Nice game thread. Thanks for putting it up. 

Returning to the Gund is nice but the Kings are a strong team that can easily steal a game on the road. Good perimeter teams tend to give the Cavs trouble. Even if Cleveland comes out hot, the Kings might use the zone and if the game becomes a shooting contest, then things will get grim. 

Keys to the game:

1) Cleveland must get production from the bench or James will not be allowed to rest. If James can't rest, his efficiency will go down. But if the bench can buy time, LeBron might be able to win the game for Cleveland if the game is still close.

2) The Phantom and The Fat Man should give way to Sasha/AV. The pace of the game should be fast and Traylor might be sucking wind, unless the Cavs slow the pace. And if Harris comes out timid or disinterested, Malone needs to take him out fast. Because that's like playing 4 on 5 basketball and you rarely, if ever, win like that.

3) Be prepared for the zone and be ready to break it. If you have the chance to run back at the Kings, do so before their defense sets.
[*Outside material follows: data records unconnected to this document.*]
text \<open>Cubic residue symbol (F/P)_3 in mu_3(F_q), transported to C via the embedding
  sending the fixed primitive cube root of unity zeta in F_q to exp(2 pi i / 3).
  (F/P)_3 = 0 if P | F, otherwise the cube root of unity congruent to
  F^((q^deg P - 1)/3) mod P.\<close>
definition cubic_sym :: "'a::{finite,field} \<Rightarrow> 'a poly \<Rightarrow> 'a poly \<Rightarrow> complex" where
  "cubic_sym \<zeta> P F =
     (if P dvd F then 0
      else (THE w. \<exists>j<(3::nat). w = cis (2 * pi / 3) ^ j \<and>
              F ^ ((CARD('a) ^ degree P - 1) div 3) mod P = [:\<zeta> ^ j:]))"

definition lambda_P :: "'a::{finite,field} \<Rightarrow> 'a poly \<Rightarrow> 'a poly \<Rightarrow> complex" where
  "lambda_P \<zeta> B P =
     complex_of_real (1 / sqrt (real CARD('a)) ^ degree P) *
       (\<Sum>F\<in>residues_mod P. cubic_sym \<zeta> P (F ^ 2 - B))"

end

theory Submission
  imports Defs "HOL-Algebra.Multiplicative_Group"
begin

(* At a prime P of degree d and good reduction the local factor of L(u, E) is 1/f with
   f = 1 - a_P u^d + u^(2d).  Since (-f'/f) f = -f', the coefficients of the logarithmic
   derivative satisfy a three-term recurrence, which gives a*_{1,P^k} = a_P, a_P^2 - 2 and
   a_P^3 - 3 a_P for k = 1, 2, 3.  The three formulas then follow from
   a_P = -(lambda_P + cnj lambda_P) and |lambda_P|^2 = lambda_P cnj lambda_P.

   For a_P, count points.  F_q[T]/P is a field with q^d = 1 (mod 3) elements and cyclic unit
   group, so a nonzero c is a cube iff c^((q^d - 1)/3) = 1, and then it has exactly the three
   cube roots x, zeta x, zeta^2 x.  Hence x^3 = c has 1 + chi c + cnj (chi c) solutions for the
   cubic residue character chi, and summing over y gives #E(P) = q^d + 1 + S + cnj S with
   S = sum_y chi (y^2 - B) = q^(d/2) lambda_P.  No affine point is singular, as P does not
   divide B. *)

lemma fps_logderiv_inverse:
  fixes f :: "'a::field fps"
  assumes "f $ 0 \<noteq> 0"
  shows "fps_deriv (inverse f) * inverse (inverse f) = - fps_deriv f * inverse f"
  using assms
  by (simp add: fps_inverse_deriv fps_inverse_idempotent power2_eq_square
      inverse_mult_eq_1 mult.assoc)

lemma logderiv_euler_factor_nth:
  fixes a :: "'a::field"
  assumes d: "d \<ge> 1"
  defines "f \<equiv> 1 - fps_const a * fps_X ^ d + fps_X ^ (2 * d)"
  shows "(- fps_deriv f * inverse f) $ n =
           - of_nat (n + 1) * f $ (n + 1)
           + a * (if d \<le> n then (- fps_deriv f * inverse f) $ (n - d) else 0)
           - (if 2 * d \<le> n then (- fps_deriv f * inverse f) $ (n - 2 * d) else 0)"
proof -
  define h where "h = - fps_deriv f * inverse f"
  have "f $ 0 = 1" using d by (simp add: f_def)
  then have "h * f = - fps_deriv f" by (simp add: h_def mult.assoc inverse_mult_eq_1)
  moreover have "h * f = h - fps_const a * (fps_X ^ d * h) + fps_X ^ (2 * d) * h"
    by (simp add: f_def algebra_simps)
  ultimately have "h = - fps_deriv f + fps_const a * (fps_X ^ d * h) - fps_X ^ (2 * d) * h"
    by (simp add: algebra_simps)
  then have "h $ n = (- fps_deriv f + fps_const a * (fps_X ^ d * h) - fps_X ^ (2 * d) * h) $ n"
    by simp
  then show ?thesis
    unfolding h_def[symmetric]
    by (simp only: fps_sub_nth fps_add_nth fps_neg_nth fps_mult_left_const_nth
        fps_X_power_mult_nth fps_deriv_nth) (simp add: algebra_simps)
qed

lemma logderiv_euler_factor_coeffs:
  fixes a :: "'a::field"
  assumes d: "d \<ge> 1"
  defines "f \<equiv> 1 - fps_const a * fps_X ^ d + fps_X ^ (2 * d)"
  defines "h \<equiv> - fps_deriv f * inverse f"
  shows "h $ (d - 1) = a * of_nat d"
    and "h $ (2 * d - 1) = (a ^ 2 - 2) * of_nat d"
    and "h $ (3 * d - 1) = (a ^ 3 - 3 * a) * of_nat d"
proof -
  have f_nth: "f $ n = (if n = 0 then 1 else 0) - (if n = d then a else 0) + (if n = 2 * d then 1 else 0)" for n
    using d by (simp add: f_def fps_X_power_iff)
  note rec = logderiv_euler_factor_nth[OF d, of a, folded f_def h_def]
  show h1: "h $ (d - 1) = a * of_nat d"
    using rec[of "d - 1"] f_nth[of d] d by (simp add: of_nat_diff)
  have idx2: "2 * d - 1 - d = d - 1" "\<not> 2 * d \<le> 2 * d - 1" "d \<le> 2 * d - 1" "2 * d - 1 + 1 = 2 * d"
    using d by auto
  show h2: "h $ (2 * d - 1) = (a ^ 2 - 2) * of_nat d"
    using rec[of "2 * d - 1"] f_nth[of "2 * d"] d h1
    by (simp only: idx2 if_True if_False) (simp add: of_nat_diff power2_eq_square algebra_simps)
  have idx3: "3 * d - 1 - d = 2 * d - 1" "3 * d - 1 - 2 * d = d - 1" "d \<le> 3 * d - 1"
      "2 * d \<le> 3 * d - 1" "3 * d - 1 + 1 = 3 * d"
    using d by auto
  show "h $ (3 * d - 1) = (a ^ 3 - 3 * a) * of_nat d"
    using rec[of "3 * d - 1"] f_nth[of "3 * d"] d h1 h2
    by (simp only: idx3 if_True if_False)
      (simp add: of_nat_diff power2_eq_square power3_eq_cube algebra_simps)
qed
4) Close out on the Kings' shooters and fight through screens. There will be a lot of off-the-ball movement, so any lapses in effort or concentration will result in open shots. Cleveland can't overplay the pass because Sacramento runs the back door with regularity.


----------



## Benedict_Boozer (Jul 16, 2004)

This game won't be pretty. James has played 53 minutes twice in the last 3 games, and I don't think we've won a game all season where Lebron has had a subpar night.

Drew will have to step up again and we need something from the bench to have a chance in this game. 
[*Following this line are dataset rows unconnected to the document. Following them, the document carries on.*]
(* Let $K\ge 2$, let $f:\mathbb{R}^3\to\mathbb{R}^K$ be an arbitrary function, and let $\mathbf{p}_1,\mathbf{p}_2\in\mathbb{R}^3$ with $\mathbf{u}_1=f(\mathbf{p}_1)$ and $\mathbf{u}_2=f(\mathbf{p}_2)$ satisfying $\min^{(1)}(\mathbf{u}_i)+\min^{(2)}(\mathbf{u}_i)\ge 0$ for $i=1,2$. Then for every $\alpha\in[0,1]$, the linearly interpolated vector $\mathbf{u}_\alpha=\alpha\mathbf{u}_1+(1-\alpha)\mathbf{u}_2$ (associated with the point $\alpha\mathbf{p}_1+(1-\alpha)\mathbf{p}_2$ on the segment joining $\mathbf{p}_1$ and $\mathbf{p}_2$) also satisfies $\min^{(1)}(\mathbf{u}_\alpha)+\min^{(2)}(\mathbf{u}_\alpha)\ge 0$.
   Context: For a vector $\mathbf{u}\in\mathbb{R}^K$, $\min^{(n)}(\mathbf{u})$ denotes the $n$-th smallest entry of $\mathbf{u}$ (counted with multiplicity). *)

theory Defs
  imports "HOL-Analysis.Analysis" "HOL-Library.Multiset"
begin

text \<open>n-th smallest entry (1-indexed, counted with multiplicity) of a vector.\<close>
definition nth_min :: "nat \<Rightarrow> real ^ 'k \<Rightarrow> real" where
  "nth_min n u = sorted_list_of_multiset (image_mset (\<lambda>i. u $ i) (mset_set (UNIV :: 'k set))) ! (n - 1)"

end

theory Submission
  imports Defs
begin

text \<open>
  The sum of the two smallest entries of \<open>u\<close> is the minimum of \<open>u\<^sub>i + u\<^sub>j\<close> over all
  pairs \<open>i \<noteq> j\<close>. As a minimum of linear functionals it is concave in \<open>u\<close>, so its
  value at a convex combination dominates the same convex combination of its values,
  and nonnegativity at the endpoints carries over to the whole segment.
\<close>

lemma sorted_first_two_le_any_two:
  fixes x y a b :: "'a::linordered_ab_semigroup_add"
  assumes "sorted (x # y # r)" and "{#a, b#} \<subseteq># mset (x # y # r)"
  shows "x + y \<le> a + b"
proof (cases "a = x")
  case True
  then have "b \<in># mset (y # r)"
    using assms(2) by (simp add: insert_subset_eq_iff)
  then have "y \<le> b"
    using assms(1) by auto
  then show ?thesis
    using True by (simp add: add_left_mono)
next
  case False
  then have "a \<in># mset (y # r)" and "b \<in># mset (x # y # r)"
    using assms(2) by (auto dest: mset_subset_eqD)
  then have "y \<le> a" and "x \<le> b"
    using assms(1) by auto
  then show ?thesis
    by (metis add_mono add.commute)
qed

lemma image_mset_mset_set_eq_add_mset2:
  assumes "finite A" and "image_mset g (mset_set A) = add_mset x (add_mset y M)"
  shows "\<exists>i\<in>A. \<exists>j\<in>A. i \<noteq> j \<and> x = g i \<and> y = g j"
proof -
  have "x \<in># image_mset g (mset_set A)"
    using assms(2) by simp
  then obtain i where i: "i \<in> A" "x = g i"
    using assms(1) by auto
  have "image_mset g (mset_set (A - {i})) = add_mset y M"
    using assms i by (simp add: mset_set_Diff image_mset_Diff)
  then have "y \<in># image_mset g (mset_set (A - {i}))"
    by simp
  then obtain j where "j \<in> A - {i}" "y = g j"
    using assms(1) by auto
  then show ?thesis
    using i by (intro bexI[of _ i] bexI[of _ j]) auto
qed

definition sorted_entries :: "('a::linorder, 'k::finite) vec \<Rightarrow> 'a list" where
  "sorted_entries u = sorted_list_of_multiset (image_mset (\<lambda>i. u $ i) (mset_set UNIV))"

lemma nth_min_eq_sorted_entries: "nth_min n u = sorted_entries u ! (n - 1)"
  by (simp add: nth_min_def sorted_entries_def)

lemma mset_sorted_entries:
  "mset (sorted_entries u) = image_mset (\<lambda>i. u $ i) (mset_set UNIV)"
  by (simp add: sorted_entries_def)

lemma sorted_sorted_entries: "sorted (sorted_entries u)"
  by (simp add: sorted_entries_def)

lemma length_sorted_entries:
  "length (sorted_entries (u :: ('a::linorder, 'k::finite) vec)) = CARD('k)"
  by (metis mset_sorted_entries size_image_mset size_mset size_mset_set)

lemma sorted_entries_Cons2:
  fixes u :: "('a::linorder, 'k::finite) vec"
  assumes "CARD('k) \<ge> 2"
  obtains x y r where "sorted_entries u = x # y # r"
proof -
  have "Suc (Suc 0) \<le> length (sorted_entries u)"
    using assms by (simp add: length_sorted_entries)
  then show ?thesis
    using that by (auto simp: Suc_le_length_iff)
qed

lemma nth_min_1_2_le:
  fixes u :: "real ^ 'k"
  assumes "i \<noteq> j"
  shows "nth_min 1 u + nth_min 2 u \<le> u $ i + u $ j"
proof -
  have "CARD('k) \<ge> 2"
    using assms card_mono[of UNIV "{i, j}"] by simp
  then obtain x y r where xyr: "sorted_entries u = x # y # r"
    by (rule sorted_entries_Cons2)
  have "mset_set {i, j} \<subseteq># mset_set (UNIV :: 'k set)"
    by (rule subset_imp_msubset_mset_set) simp_all
  moreover have "mset_set {i, j} = {#i, j#}"
    using assms by simp
  ultimately have "{#u $ i, u $ j#} \<subseteq># mset (sorted_entries u)"
    unfolding mset_sorted_entries using image_mset_subseteq_mono[of _ _ "\<lambda>i. u $ i"]
    by fastforce
  then have "{#u $ i, u $ j#} \<subseteq># mset (x # y # r)"
    by (simp only: xyr)
  then have "x + y \<le> u $ i + u $ j"
    using sorted_first_two_le_any_two sorted_sorted_entries xyr by metis
  then show ?thesis
    by (simp add: nth_min_eq_sorted_entries xyr)
qed

lemma nth_min_1_2_attained:
  fixes u :: "real ^ 'k"
  assumes "CARD('k) \<ge> 2"
  shows "\<exists>i j. i \<noteq> j \<and> nth_min 1 u + nth_min 2 u = u $ i + u $ j"
proof -
  obtain x y r where xyr: "sorted_entries u = x # y # r"
    using sorted_entries_Cons2[OF assms] .
  then have "image_mset (\<lambda>i. u $ i) (mset_set UNIV) = add_mset x (add_mset y (mset r))"
    using mset_sorted_entries[of u] by simp
  from image_mset_mset_set_eq_add_mset2[OF finite this]
  obtain i j where "i \<noteq> j" "x = u $ i" "y = u $ j"
    by auto
  then show ?thesis
    by (intro exI[of _ i] exI[of _ j]) (simp add: nth_min_eq_sorted_entries xyr)
qed

lemma concave_on_nth_min_1_2:
  assumes "CARD('k) \<ge> 2"
  shows "concave_on UNIV (\<lambda>u :: real ^ 'k. nth_min 1 u + nth_min 2 u)"
  unfolding concave_on_iff
proof (intro conjI convex_UNIV ballI allI impI)
  fix v w :: "real ^ 'k" and s t :: real
  assume "s \<ge> 0" "t \<ge> 0" "s + t = 1"
  obtain i j where ij: "i \<noteq> j"
    "nth_min 1 (s *\<^sub>R v + t *\<^sub>R w) + nth_min 2 (s *\<^sub>R v + t *\<^sub>R w)
       = (s *\<^sub>R v + t *\<^sub>R w) $ i + (s *\<^sub>R v + t *\<^sub>R w) $ j"
    using nth_min_1_2_attained[OF assms] by blast
  have "s * (nth_min 1 v + nth_min 2 v) + t * (nth_min 1 w + nth_min 2 w)
      \<le> s * (v $ i + v $ j) + t * (w $ i + w $ j)"
    using \<open>s \<ge> 0\<close> \<open>t \<ge> 0\<close> nth_min_1_2_le[OF ij(1)]
    by (intro add_mono[OF mult_left_mono mult_left_mono]) simp_all
  also have "\<dots> = (s *\<^sub>R v + t *\<^sub>R w) $ i + (s *\<^sub>R v + t *\<^sub>R w) $ j"
    by (simp add: distrib_left)
  finally show "s * (nth_min 1 v + nth_min 2 v) + t * (nth_min 1 w + nth_min 2 w)
      \<le> nth_min 1 (s *\<^sub>R v + t *\<^sub>R w) + nth_min 2 (s *\<^sub>R v + t *\<^sub>R w)"
    using ij(2) by simp
qed

theorem theorem2:
  fixes f :: "real ^ 3 \<Rightarrow> real ^ 'k"
    and p1 p2 :: "real ^ 3"
    and u1 u2 :: "real ^ 'k"
  assumes "CARD('k) \<ge> 2"
    and "u1 = f p1" and "u2 = f p2"
    and "nth_min 1 u1 + nth_min 2 u1 \<ge> 0"
    and "nth_min 1 u2 + nth_min 2 u2 \<ge> 0"
  shows "\<forall>\<alpha>\<in>{0..1::real}.
           nth_min 1 (\<alpha> *\<^sub>R u1 + (1 - \<alpha>) *\<^sub>R u2) + nth_min 2 (\<alpha> *\<^sub>R u1 + (1 - \<alpha>) *\<^sub>R u2) \<ge> 0"
proof
  fix \<alpha> :: real
  assume "\<alpha> \<in> {0..1}"
  then have "\<alpha> * (nth_min 1 u1 + nth_min 2 u1) + (1 - \<alpha>) * (nth_min 1 u2 + nth_min 2 u2)
      \<le> nth_min 1 (\<alpha> *\<^sub>R u1 + (1 - \<alpha>) *\<^sub>R u2) + nth_min 2 (\<alpha> *\<^sub>R u1 + (1 - \<alpha>) *\<^sub>R u2)"
    using concave_on_nth_min_1_2[OF assms(1)] by (simp add: concave_on_iff)
  moreover have "\<alpha> * (nth_min 1 u1 + nth_min 2 u1) + (1 - \<alpha>) * (nth_min 1 u2 + nth_min 2 u2) \<ge> 0"
    using \<open>\<alpha> \<in> {0..1}\<close> assms(4,5) by simp
  ultimately show "nth_min 1 (\<alpha> *\<^sub>R u1 + (1 - \<alpha>) *\<^sub>R u2) + nth_min 2 (\<alpha> *\<^sub>R u1 + (1 - \<alpha>) *\<^sub>R u2) \<ge> 0"
    by linarith
qed

end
Bad news is we have Dallas next so it's not getting any easier..... :no:


----------



## Bobot (Mar 28, 2005)

This is going to be a very hard game for the Cavs to win. They just played last night and wont be well rested. Last time the Cavs palyed Sac it was after playing the night before and they got blown out. James just played 53 minutes yesteday and will need to have some rest in this game or he wont be very effective. The bench will really need to step up this game to give the cavs a chance at winning.

Prediction:

Sac 105
Cavs 93

James 28pts/7reb/7ast/2stl
Big Z 22pts/9reb/2blk


----------



## Pioneer10 (Sep 30, 2004)

I put vCash on the Cavs but looks for another bad performance on national TV. Lebron's gotta be exhausted and Malone's decision making has been odd to say the least


----------



## Benedict_Boozer (Jul 16, 2004)

Pioneer10 said:


> I put vCash on the Cavs but looks for another bad performance on national TV. Lebron's gotta be exhausted and Malone's decision making has been odd to say the least


I wish they would stop putting us on National TV, it's been bad luck all season.


----------



## underhill_101 (Feb 22, 2005)

Bobot said:


> James just played 53 minutes yesteday and will need to have some rest in this game or he wont be very effective.
> 
> James 28pts/7reb/7ast/2stl


i thought u said LBJ wasnt going to be very effective.... but that stat line ur predicting looks pretty good to me


----------



## Bobot (Mar 28, 2005)

That stat line is just about what he averages per game, So just a normal day for LBJ.


----------



## Pioneer10 (Sep 30, 2004)

Lebron is a calibre of player that can get that stat line and for him still have a bad game. Especially considering the number of minutes he plays he has the oppurtunity to put up big numbers but I think his overall efficiency is starting to decline with the ridiculous work load the cavs have forced on him. 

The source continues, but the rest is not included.